Most black SA kids live in poverty – study

6325 08.3.26 Child Grants: many children are missing out on the grants, because slow processing at Home Affairs and Dept of Social Development means that some cases take as long as 3 years to be resolved. This 75-year-old grandmother (whose pension must feed and clothe around 10 family members) cares for her grandson and -daughter after their mother died of AIDS. Her granddaughter also has the disease. Picture: Cara Viereckl

6325 08.3.26 Child Grants: many children are missing out on the grants, because slow processing at Home Affairs and Dept of Social Development means that some cases take as long as 3 years to be resolved. This 75-year-old grandmother (whose pension must feed and clothe around 10 family members) cares for her grandson and -daughter after their mother died of AIDS. Her granddaughter also has the disease. Picture: Cara Viereckl

Published Oct 18, 2012

Share

Cape Town -

Many SA children still cry themselves to sleep because they are hungry, Child Gauge 2012 shows, with about 60 percent living in poverty.

They live in households with a monthly income of less than R575 a person.

And the gap between rich and poor, black and white is growing.

The poorest 10 percent of South Africans receive less than 1 percent of the national income, but the richest 10 percent get 57 percent. This while 67 percent of black children live below the poverty line compared to 2 percent of white children.

On Wednesday, the Children’s Institute at UCT released the gauge, an annual review of the living conditions and challenges facing SA’s children.

“Children and inequality: closing the gap” is the theme of this year’s Child Gauge, the seventh issue, released in collaboration with Unicef and UCT’s Southern African Labour and Development Research Unit.

It prompted DA social development spokesman Mike Waters to remark: ”It is time to end the rhetoric and provide realistic proposals to end this war against our children.”

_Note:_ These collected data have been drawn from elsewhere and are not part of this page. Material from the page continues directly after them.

theorem proposition4p5:
  fixes A :: "'a::euclidean_space set set" and l c :: "'a set"
  assumes "central_essential_arr A"
    and "modular_coatom A l"
    and "chamber A c"
    and "incident c l"
  shows "(\<exists>cs hs.
            distinct cs \<and> hd cs = c \<and>
            set cs = {c'. chamber A c' \<and> quot_chamber A l c' = quot_chamber A l c} \<and>
            distinct hs \<and> length cs = length hs + 1 \<and> set hs = A - loc A l \<and>
            (\<forall>i < length cs. L1 A c (cs ! i) = set (take i hs)))
       \<and> (\<forall>cs hs.
            distinct cs \<and> hd cs = c \<and>
            set cs = {c'. chamber A c' \<and> quot_chamber A l c' = quot_chamber A l c} \<and>
            distinct hs \<and> length cs = length hs + 1 \<and> set hs = A - loc A l \<and>
            (\<forall>i < length cs. L1 A c (cs ! i) = set (take i hs))
          \<longrightarrow> (\<forall>i j k. i < j \<and> j < k \<and> k < length hs \<and>
                  incident c (ssum l (hs ! i \<inter> hs ! k)) \<longrightarrow>
                  hs ! i \<inter> hs ! j = hs ! i \<inter> hs ! k \<and> hs ! i \<inter> hs ! k = hs ! j \<inter> hs ! k))"
proof -
  have l: "subspace l" "dim l = 1"
    using assms(2) by (auto simp: modular_coatom_def coatom_def)
  obtain v where v: "v \<in> l" "v \<noteq> 0" "v \<in> closure c"
    using incident_line_obtain_nonzero[OF l assms(4)] .
  obtain y0 where "y0 \<in> c"
    using assms(3) in_components_nonempty by (auto simp: chamber_def)
  interpret modular_line_arrangement A l c v y0
    using assms l v \<open>y0 \<in> c\<close>
    by unfold_locales (auto simp: central_essential_arr_def modular_coatom_def)
  show ?thesis
    unfolding L1_chain_def[symmetric] using L1_chain_exists L1_chain_intersections_eq by blast
qed

end
(* Suppose $(P,n,a,b)$ is good. Let $m$ be the minimal integer $m\ge n+1$ such that $Q(x)=P(x)-x^m$ satisfies $Q(x)>0$ for all $x\in[a,b]$. Then $(Q,m,a,b)$ is good.
   Context: Let $\mathcal{B}_n$ be the set of polynomials $1+\sum_{k=1}^n a_kx^k$ with $a_k\in\{-1,0,1\}$. A quadruple $(P,n,a,b)$ is called good if $P\in\mathcal{B}_n$, $0.5<a<b<1$, $P(a)>a^{n+1}/(1-a)$, $P(b)>b^{n+1}/(1-b)$, $P(x)>0$ for all $x\in[a,b]$, and there exists $x\in(a,b)$ with $P(x)<x^{n+1}/(1-x)$. *)

theory Defs
  imports "HOL-Computational_Algebra.Polynomial" Complex_Main
begin

definition B :: "nat \<Rightarrow> real poly set" where
  "B n = {P. coeff P 0 = 1 \<and> (\<forall>k\<in>{1..n}. coeff P k \<in> {-1, 0, 1}) \<and> (\<forall>k>n. coeff P k = 0)}"

definition good :: "real poly \<Rightarrow> nat \<Rightarrow> real \<Rightarrow> real \<Rightarrow> bool" where
  "good P n a b \<longleftrightarrow>
     P \<in> B n \<and> 1/2 < a \<and> a < b \<and> b < 1 \<and>
     poly P a > a ^ (n+1) / (1 - a) \<and>
     poly P b > b ^ (n+1) / (1 - b) \<and>
     (\<forall>x\<in>{a..b}. poly P x > 0) \<and>
     (\<exists>x\<in>{a<..<b}. poly P x < x ^ (n+1) / (1 - x))"

end

theory Submission
  imports Defs
begin

text \<open>
  The thresholds are linked by the geometric tail identity
  \<open>x^k/(1-x) = x^k + x^(k+1)/(1-x)\<close>. Hence subtracting \<open>x^m\<close> with \<open>m > n\<close>
  keeps a value above the new threshold \<open>x^(m+1)/(1-x)\<close> wherever it was above
  \<open>x^(n+1)/(1-x)\<close>, which settles the endpoints; for \<open>m = n + 1\<close> the identity also
  moves the old interior witness below the new threshold. For \<open>m > n + 1\<close>,
  minimality of \<open>m\<close> yields \<open>y \<in> [a,b]\<close> with \<open>P(y) \<le> y^(m-1)\<close>, and then
  \<open>P(y) - y^m \<le> y^(m-1)(1-y) < y^(m+1)/(1-y)\<close> because \<open>y > 1/2\<close>; by the
  endpoint inequalities, \<open>y\<close> lies strictly inside.
\<close>

lemma geometric_tail_split:
  fixes x :: real
  assumes "x \<noteq> 1"
  shows "x ^ k / (1 - x) = x ^ k + x ^ (k + 1) / (1 - x)"
  using assms by (simp add: field_simps)

lemma above_tail_minus_power:
  fixes x p :: real
  assumes "0 < x" "x < 1" "n < m" "x ^ (n + 1) / (1 - x) < p"
  shows "x ^ (m + 1) / (1 - x) < p - x ^ m"
proof -
  have "x ^ m / (1 - x) \<le> x ^ (n + 1) / (1 - x)"
    using assms by (intro divide_right_mono power_decreasing) auto
  moreover have "x ^ m / (1 - x) = x ^ m + x ^ (m + 1) / (1 - x)"
    using assms(2) by (intro geometric_tail_split) simp
  ultimately show ?thesis
    using assms(4) by linarith
qed

lemma below_tail_minus_power:
  fixes y p :: real
  assumes "1/2 < y" "y < 1" "p \<le> y ^ k"
  shows "p - y ^ (k + 1) < y ^ (k + 2) / (1 - y)"
proof -
  have "(1 - y) * (1 - y) < y * y"
    using assms(1,2) by (simp add: algebra_simps)
  then have "y ^ k * (1 - y) * (1 - y) < y ^ (k + 2)"
    using assms(1) by (simp add: power_add mult.assoc)
  then have "y ^ k * (1 - y) < y ^ (k + 2) / (1 - y)"
    using assms(2) by (simp add: pos_less_divide_eq)
  then show ?thesis
    using assms(3) by (simp add: algebra_simps)
qed

lemma minus_monom_in_B:
  assumes "P \<in> B n" "n < m"
  shows "P - monom 1 m \<in> B m"
  using assms unfolding B_def by (auto simp: coeff_monom)

lemma good_endpoints_minus_power:
  fixes P :: "real poly"
  assumes good: "good P n a b" and "n < m"
  shows "a ^ (m + 1) / (1 - a) < poly P a - a ^ m"
    and "b ^ (m + 1) / (1 - b) < poly P b - b ^ m"
proof -
  from good have "0 < a" "a < 1" "0 < b" "b < 1"
      "a ^ (n + 1) / (1 - a) < poly P a" "b ^ (n + 1) / (1 - b) < poly P b"
    unfolding good_def by auto
  then show "a ^ (m + 1) / (1 - a) < poly P a - a ^ m"
    and "b ^ (m + 1) / (1 - b) < poly P b - b ^ m"
    using above_tail_minus_power \<open>n < m\<close> by blast+
qed

lemma good_crossing_minus_power:
  fixes P :: "real poly"
  assumes good: "good P n a b" and "n < m"
    and minimal: "\<forall>m'. n + 1 \<le> m' \<and> m' < m \<longrightarrow> \<not> (\<forall>x\<in>{a..b}. poly P x - x ^ m' > 0)"
  shows "\<exists>x\<in>{a<..<b}. poly P x - x ^ m < x ^ (m + 1) / (1 - x)"
proof (cases "m = n + 1")
  case True
  from good obtain x where x: "x \<in> {a<..<b}" "poly P x < x ^ (n + 1) / (1 - x)"
    unfolding good_def by blast
  have "x < 1" using x good unfolding good_def by auto
  then have "x ^ m / (1 - x) = x ^ m + x ^ (m + 1) / (1 - x)"
    by (intro geometric_tail_split) simp
  then have "poly P x - x ^ m < x ^ (m + 1) / (1 - x)"
    using x(2) True by simp
  with x(1) show ?thesis by blast
next
  case False
  define k where "k = m - 1"
  have m: "m = k + 1" "n + 1 \<le> k" "k < m"
    using False \<open>n < m\<close> unfolding k_def by auto
  then obtain y where y: "y \<in> {a..b}" "poly P y \<le> y ^ k"
    using minimal by (auto simp: not_less)
  have "1/2 < y" "y < 1" using y(1) good unfolding good_def by auto
  from below_tail_minus_power[OF this y(2)]
  have below: "poly P y - y ^ m < y ^ (m + 1) / (1 - y)"
    by (simp add: m(1))
  with good_endpoints_minus_power[OF good \<open>n < m\<close>] have "y \<noteq> a" "y \<noteq> b" by auto
  with y(1) below show ?thesis by auto
qed

theorem lemma3p1:
  fixes P :: "real poly" and n m :: nat and a b :: real
  assumes "good P n a b"
    and "m \<ge> n + 1"
    and "\<forall>x\<in>{a..b}. poly P x - x ^ m > 0"
    and "\<forall>m'. n + 1 \<le> m' \<and> m' < m \<longrightarrow> \<not> (\<forall>x\<in>{a..b}. poly P x - x ^ m' > 0)"
  shows "good (P - monom 1 m) m a b"
proof -
  have "n < m" using assms(2) by simp
  have eval: "poly (P - monom 1 m) x = poly P x - x ^ m" for x
    by (simp add: poly_monom)
  from assms(1) have P: "P \<in> B n" "1/2 < a" "a < b" "b < 1"
    unfolding good_def by auto
  then have "P - monom 1 m \<in> B m"
    using minus_monom_in_B \<open>n < m\<close> by blast
  with P show ?thesis
    unfolding good_def eval
    using good_endpoints_minus_power[OF assms(1) \<open>n < m\<close>]
      good_crossing_minus_power[OF assms(1) \<open>n < m\<close> assms(4)] assms(3)
    by blast
qed

end
(* Compactness of kappa yields a countably complete fine ultrafilter F on the subsets of lambda of
   size < kappa. Its ultrapower is well-founded, so there is an F-least g above all constants
   alpha < lambda; for F-almost every s, g(s) < lambda is a limit ordinal in which s is cofinal,
   so regressivity gives a witness G_s of non-stationarity of level g(s). For a cofinal branch b,
   G_s(b|g(s)) is an initial segment of b of height below g(s), so by minimality of g its height
   is F-almost always at most some alpha_b < lambda. There are more than lambda branches but only
   lambda pairs (alpha_b, b|alpha_b), so two distinct branches b, b' share them. At an s where b
   and b' already differ below g(s), G_s maps both b|g(s) and b'|g(s) below their common initial
   segment b|alpha_b, which a witness of non-stationarity cannot do. *)

section \<open>Cardinality comparisons\<close>

lemma card_le_trans [trans]:
  assumes "card_le A B" and "card_le B C"
  shows "card_le A C"
proof -
  obtain f g where "inj_on f A" "f ` A \<subseteq> B" "inj_on g B" "g ` B \<subseteq> C"
    using assms unfolding card_le_def by blast
  then have "inj_on (g \<circ> f) A \<and> (g \<circ> f) ` A \<subseteq> C"
    by (auto intro: comp_inj_on inj_on_subset)
  then show ?thesis
    unfolding card_le_def by blast
qed

lemma card_le_subset: "A \<subseteq> B \<Longrightarrow> card_le A B"
  unfolding card_le_def by (rule exI[of _ id]) auto

lemma card_le_lt_trans: "card_le A B \<Longrightarrow> card_lt B C \<Longrightarrow> card_lt A C"
  unfolding card_lt_def by (meson card_le_trans)

lemma card_lt_le_trans: "card_lt A B \<Longrightarrow> card_le B C \<Longrightarrow> card_lt A C"
  unfolding card_lt_def by (meson card_le_trans)

lemma card_le_image: "card_le (f ` A) A"
  unfolding card_le_def by (auto intro!: exI[of _ "inv_into A f"] inj_on_inv_into inv_into_into)

lemma card_le_finite_nat: "finite A \<Longrightarrow> card_le A (UNIV :: nat set)"
  unfolding card_le_def by (meson finite_imp_inj_to_nat_seg top_greatest)

lemma card_le_nat_infinite: "infinite A \<Longrightarrow> card_le (UNIV :: nat set) A"
  unfolding card_le_def by (meson infinite_countable_subset)

lemma card_le_Times_infinite: "infinite A \<Longrightarrow> card_le (A \<times> A) A"
  unfolding card_le_def
  using card_of_ordIso[THEN iffD2, OF card_of_Times_same_infinite] bij_betw_def by (metis equalityE)

lemma card_le_Sigma:
  assumes "\<And>a. a \<in> A \<Longrightarrow> card_le (B a) C"
  shows "card_le (Sigma A B) (A \<times> C)"
proof -
  obtain e where e: "\<And>a. a \<in> A \<Longrightarrow> inj_on (e a) (B a) \<and> e a ` B a \<subseteq> C"
    using assms unfolding card_le_def by metis
  have "inj_on (\<lambda>(a, f). (a, e a f)) (Sigma A B)"
    using e by (auto simp: inj_on_def)
  moreover have "(\<lambda>(a, f). (a, e a f)) ` Sigma A B \<subseteq> A \<times> C"
    using e by auto
  ultimately show ?thesis
    unfolding card_le_def by blast
qed

lemma uncountable_ord_infinite: "uncountable_ord k \<Longrightarrow> infinite {..<k}"
  unfolding uncountable_ord_def using card_le_finite_nat by blast

lemma card_lt_range_nat:
  assumes "uncountable_ord k"
  shows "card_lt (range (A :: nat \<Rightarrow> 'b)) {..<k}"
proof -
  have "card_le (range A) {..<k}"
    using card_le_trans[OF card_le_image card_le_nat_infinite] uncountable_ord_infinite[OF assms] by blast
  moreover have "\<not> card_le {..<k} (range A)"
    using assms card_le_trans[OF _ card_le_image] unfolding uncountable_ord_def by blast
  ultimately show ?thesis
    unfolding card_lt_def by blast
qed

lemma regular_cardinal_is_limit:
  assumes "regular_cardinal l" and "infinite {..<l}"
  shows "is_limit l"
  unfolding is_limit_def
proof (intro conjI allI impI)
  show "\<exists>b. b < l"
    using assms(1) unfolding regular_cardinal_def by blast
  fix b
  assume "b < l"
  show "\<exists>c. b < c \<and> c < l"
  proof (rule ccontr)
    assume "\<not> ?thesis"
    then have "cofinal_in {b} l"
      using \<open>b < l\<close> unfolding cofinal_in_def by (auto simp: not_less)
    then have "card_le {..<l} {b}"
      using assms(1) unfolding regular_cardinal_def by blast
    then obtain f where "inj_on f {..<l}" "f ` {..<l} \<subseteq> {b}"
      unfolding card_le_def by blast
    then show False
      using assms(2) finite_imageD finite_subset by blast
  qed
qed

lemma regular_cardinal_bounded:
  assumes "regular_cardinal l" and "s \<subseteq> {..<l}" and "card_lt s {..<l}"
  shows "\<exists>\<beta><l. \<forall>\<xi>\<in>s. \<xi> < \<beta>"
proof (rule ccontr)
  assume "\<not> ?thesis"
  then have "cofinal_in s l"
    using assms(2) unfolding cofinal_in_def by (meson leI)
  then have "card_le {..<l} s"
    using assms(1) unfolding regular_cardinal_def by blast
  then show False
    using assms(3) unfolding card_lt_def by blast
qed

section \<open>Countably complete ultrafilters\<close>

definition set_filter :: "'c set \<Rightarrow> 'c set set \<Rightarrow> 'c filter" where
  "set_filter S U = Abs_filter (\<lambda>P. {x \<in> S. P x} \<in> U)"

lemma ultrafilter_onD:
  assumes "ultrafilter_on S U"
  shows "S \<in> U" and "{} \<notin> U"
    and "A \<in> U \<Longrightarrow> A \<subseteq> B \<Longrightarrow> B \<subseteq> S \<Longrightarrow> B \<in> U"
    and "A \<in> U \<Longrightarrow> B \<in> U \<Longrightarrow> A \<inter> B \<in> U"
    and "A \<subseteq> S \<Longrightarrow> A \<notin> U \<Longrightarrow> S - A \<in> U"
  using assms unfolding ultrafilter_on_def by blast+

lemma complete_filterD:
  assumes "complete_filter k U" and "\<A> \<subseteq> U" and "\<A> \<noteq> {}" and "card_lt \<A> {..<k}"
  shows "\<Inter> \<A> \<in> U"
  using assms unfolding complete_filter_def by blast
(* Let $H$ be a connected graph containing a triangle, let $u$ be a vertex of $H$, and let $M$ be a unicyclic graph with unique cycle $C$. Let $r\ge |V(H)|+3$ and let $U$ be the set of vertices of $M$ at distance exactly $r$ from $C$. Then there is a homomorphism from $M$ to $H$ that maps every vertex of $U$ to $u$.
   Context: Graphs are simple and loopless. A homomorphism from $M$ to $H$ is a map $h:V(M)\to V(H)$ sending every edge to an edge. A graph is unicyclic if it contains exactly one cycle. The distance from a vertex to a set of vertices is the minimum length of a path from the vertex to a vertex of the set. *)

theory Defs
  imports Main
begin

definition graph :: "'a set \<Rightarrow> 'a set set \<Rightarrow> bool" where
  "graph V E \<longleftrightarrow> finite V \<and> (\<forall>e\<in>E. \<exists>x y. e = {x, y} \<and> x \<noteq> y \<and> x \<in> V \<and> y \<in> V)"

definition walk :: "'a set \<Rightarrow> 'a set set \<Rightarrow> 'a list \<Rightarrow> bool" where
  "walk V E xs \<longleftrightarrow> xs \<noteq> [] \<and> set xs \<subseteq> V \<and>
     (\<forall>i. Suc i < length xs \<longrightarrow> {xs ! i, xs ! Suc i} \<in> E)"

definition path :: "'a set \<Rightarrow> 'a set set \<Rightarrow> 'a list \<Rightarrow> bool" where
  "path V E xs \<longleftrightarrow> walk V E xs \<and> distinct xs"

definition connected_graph :: "'a set \<Rightarrow> 'a set set \<Rightarrow> bool" where
  "connected_graph V E \<longleftrightarrow> V \<noteq> {} \<and>
     (\<forall>x\<in>V. \<forall>y\<in>V. \<exists>xs. path V E xs \<and> hd xs = x \<and> last xs = y)"

definition has_triangle :: "'a set \<Rightarrow> 'a set set \<Rightarrow> bool" where
  "has_triangle V E \<longleftrightarrow> (\<exists>a\<in>V. \<exists>b\<in>V. \<exists>c\<in>V. a \<noteq> b \<and> b \<noteq> c \<and> a \<noteq> c \<and>
     {a, b} \<in> E \<and> {b, c} \<in> E \<and> {a, c} \<in> E)"

definition cycle_list :: "'a set \<Rightarrow> 'a set set \<Rightarrow> 'a list \<Rightarrow> bool" where
  "cycle_list V E xs \<longleftrightarrow> path V E xs \<and> length xs \<ge> 3 \<and> {last xs, hd xs} \<in> E"

definition cycle_edges :: "'a list \<Rightarrow> 'a set set" where
  "cycle_edges xs = {{xs ! i, xs ! ((Suc i) mod length xs)} | i. i < length xs}"

definition cycles :: "'a set \<Rightarrow> 'a set set \<Rightarrow> ('a set \<times> 'a set set) set" where
  "cycles V E = {(set xs, cycle_edges xs) | xs. cycle_list V E xs}"

definition unicyclic_with :: "'a set \<Rightarrow> 'a set set \<Rightarrow> ('a set \<times> 'a set set) \<Rightarrow> bool" where
  "unicyclic_with V E C \<longleftrightarrow> cycles V E = {C}"

definition dist_to :: "'a set \<Rightarrow> 'a set set \<Rightarrow> 'a \<Rightarrow> 'a set \<Rightarrow> nat \<Rightarrow> bool" where
  "dist_to V E v S n \<longleftrightarrow>
     (\<exists>xs. path V E xs \<and> hd xs = v \<and> last xs \<in> S \<and> length xs = Suc n) \<and>
     (\<forall>m<n. \<not> (\<exists>xs. path V E xs \<and> hd xs = v \<and> last xs \<in> S \<and> length xs = Suc m))"

definition graph_hom :: "'a set \<Rightarrow> 'a set set \<Rightarrow> 'b set \<Rightarrow> 'b set set \<Rightarrow> ('a \<Rightarrow> 'b) \<Rightarrow> bool" where
  "graph_hom VM EM VH EH h \<longleftrightarrow> (\<forall>x\<in>VM. h x \<in> VH) \<and>
     (\<forall>x y. {x, y} \<in> EM \<longrightarrow> {h x, h y} \<in> EH)"

end

theory Submission
  imports Defs
begin

(* Every vertex of M gets a level: its walk
   distance to C if it can reach C, and otherwise its distance to a fixed root of its
   component (which is a tree).  Since M has only one cycle, every edge of M either joins a
   vertex to its unique neighbour one level lower (its parent) or is an edge of C.
   The homomorphism is built level by level: C is mapped properly onto the triangle of H, and
   a vertex of level k + 1 goes to a neighbour of the image of its parent chosen so that, as
   long as k + 1 <= r, the image still reaches u by a walk of exactly r - (k + 1) steps.
   This is possible because a triangle vertex reaches u by walks of every length
   >= |V(H)| + 1 (connectivity plus an odd cycle); vertices at level r then land on u. *)

fun walk_edges :: "'a list \<Rightarrow> 'a set set" where
  "walk_edges (x # y # xs) = insert {x, y} (walk_edges (y # xs))"
| "walk_edges _ = {}"

definition walk_in :: "'a set set \<Rightarrow> 'a list \<Rightarrow> bool" where
  "walk_in E w \<longleftrightarrow> w \<noteq> [] \<and> walk_edges w \<subseteq> E"

lemma walk_edges_Cons: "xs \<noteq> [] \<Longrightarrow> walk_edges (x # xs) = insert {x, hd xs} (walk_edges xs)"
  by (cases xs) auto

lemma walk_edges_append:
  "xs \<noteq> [] \<Longrightarrow> ys \<noteq> [] \<Longrightarrow>
   walk_edges (xs @ ys) = walk_edges xs \<union> walk_edges ys \<union> {{last xs, hd ys}}"
  by (induction xs rule: walk_edges.induct) (auto simp: walk_edges_Cons)

lemma walk_edges_rev: "walk_edges (rev w) = walk_edges w"
proof (induction w)
  case (Cons x xs)
  then show ?case
    by (cases "xs = []") (auto simp: walk_edges_append walk_edges_Cons last_rev insert_commute)
qed simp

lemma walk_edges_nth: "e \<in> walk_edges w \<longleftrightarrow> (\<exists>i. Suc i < length w \<and> e = {w ! i, w ! Suc i})"
proof (induction w rule: walk_edges.induct)
  case (1 x y xs)
  have "(\<exists>i. Suc i < length (x # y # xs) \<and> e = {(x # y # xs) ! i, (x # y # xs) ! Suc i}) \<longleftrightarrow>
        e = {x, y} \<or> (\<exists>j. Suc j < length (y # xs) \<and> e = {(y # xs) ! j, (y # xs) ! Suc j})"
    by (auto simp: less_Suc_eq_0_disj)
  then show ?case using "1.IH" by simp
qed auto

lemma walk_edges_subset_set: "e \<in> walk_edges w \<Longrightarrow> e \<subseteq> set w"
  by (induction w rule: walk_edges.induct) auto

lemma walk_in_Cons: "xs \<noteq> [] \<Longrightarrow> walk_in E (x # xs) \<longleftrightarrow> {x, hd xs} \<in> E \<and> walk_in E xs"
  by (auto simp: walk_in_def walk_edges_Cons)

lemma walk_in_singleton [simp]: "walk_in E [x]"
  by (simp add: walk_in_def)

lemma walk_in_rev [simp]: "walk_in E (rev w) \<longleftrightarrow> walk_in E w"
  by (simp add: walk_in_def walk_edges_rev)

lemma walk_in_append:
  "xs \<noteq> [] \<Longrightarrow> ys \<noteq> [] \<Longrightarrow>
   walk_in E (xs @ ys) \<longleftrightarrow> walk_in E xs \<and> walk_in E ys \<and> {last xs, hd ys} \<in> E"
  by (auto simp: walk_in_def walk_edges_append)

lemma walk_in_suffix: "walk_in E (xs @ ys) \<Longrightarrow> ys \<noteq> [] \<Longrightarrow> walk_in E ys"
  by (cases "xs = []") (auto simp: walk_in_append)

lemma walk_in_prefix: "walk_in E (xs @ ys) \<Longrightarrow> xs \<noteq> [] \<Longrightarrow> walk_in E xs"
  by (cases "ys = []") (auto simp: walk_in_append)

lemma walk_edges_mono_append: "walk_edges xs \<subseteq> walk_edges (xs @ ys)" "walk_edges ys \<subseteq> walk_edges (xs @ ys)"
  by (cases "xs = []"; cases "ys = []"; auto simp: walk_edges_append)+

lemma walk_join:
  assumes "walk_in E xs" "walk_in E ys" "last xs = hd ys"
  shows "walk_in E (xs @ tl ys)" and "walk_edges (xs @ tl ys) = walk_edges xs \<union> walk_edges ys"
    and "hd (xs @ tl ys) = hd xs" and "last (xs @ tl ys) = last ys"
proof -
  have ne: "xs \<noteq> []" "ys \<noteq> []" using assms by (auto simp: walk_in_def)
  then obtain y ys' where ys: "ys = y # ys'" by (cases ys) auto
  show "walk_in E (xs @ tl ys)" "walk_edges (xs @ tl ys) = walk_edges xs \<union> walk_edges ys"
    using assms ne ys by (cases "ys' = []"; auto simp: walk_in_append walk_in_Cons walk_edges_append walk_edges_Cons)+
  show "hd (xs @ tl ys) = hd xs" using ne by simp
  show "last (xs @ tl ys) = last ys" using assms(3) ne ys by (cases "ys' = []") auto
qed

lemma walk_iff_walk_in: "walk V E xs \<longleftrightarrow> walk_in E xs \<and> set xs \<subseteq> V"
proof -
  have "walk_edges xs \<subseteq> E \<longleftrightarrow> (\<forall>i. Suc i < length xs \<longrightarrow> {xs ! i, xs ! Suc i} \<in> E)"
    unfolding subset_iff walk_edges_nth by blast
  then show ?thesis unfolding walk_def walk_in_def by blast
qed

lemma path_iff_walk_in: "path V E xs \<longleftrightarrow> walk_in E xs \<and> distinct xs \<and> set xs \<subseteq> V"
  by (auto simp: path_def walk_iff_walk_in)

lemma graph_edge: "graph V E \<Longrightarrow> {x, y} \<in> E \<Longrightarrow> x \<in> V \<and> y \<in> V \<and> x \<noteq> y"
  unfolding graph_def by (metis doubleton_eq_iff)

He said the gauge called for a debate in Parliament on the state of children: “Social Development Minister Bathabile Dlamini must start recognising that children are not served by policies that are rendered useless because it misdiagnoses the structural causes of the problems faced by children.”

Katharine Hall, senior researcher at the Children’s Institute, said: “Children have equal rights under the constitution but the world into which they are born and the opportunities in life are very unequal. While child poverty is decreasing, income inequality is rising and this affects children’s survival, development and life trajectories. It also means that high rates of inequality are likely to persist to the next generation.”

Hall said reducing inequality went beyond tackling poverty.

“As children don’t start off on an equal footing, policy-makers need to move beyond a one-size-fits-all approach, to tailor policies and programmes that help close the inequality gap,” Hall said.

The research also discloses that 26 percent of children in the poorest 20 percent of households experience hunger while 37 percent of children in the poorest households live in inadequate housing.

In terms of living conditions, the gauge reveals that 54 percent of children in the poorest 20 percent of households do not have adequate supplies of potable waterwhile 46 percent do not have adequate sanitation.

High levels of unequal care are reflected in statistics showing that only 19 percent of children in the poorest households live with both parents.

Half the children in poor households live with their mother only, while 28 percent in the poorest 20 percent of households live with neither parent.

Minister in the Presidency Trevor Manuel said the important question was what needed to be done to address the issues. “The gauge makes an important contribution to our understanding the situation of children in our country. Now we have to take collective responsibility to tackle these issues.”

Manuel said the National Development Plan included several measures to help mothers and children.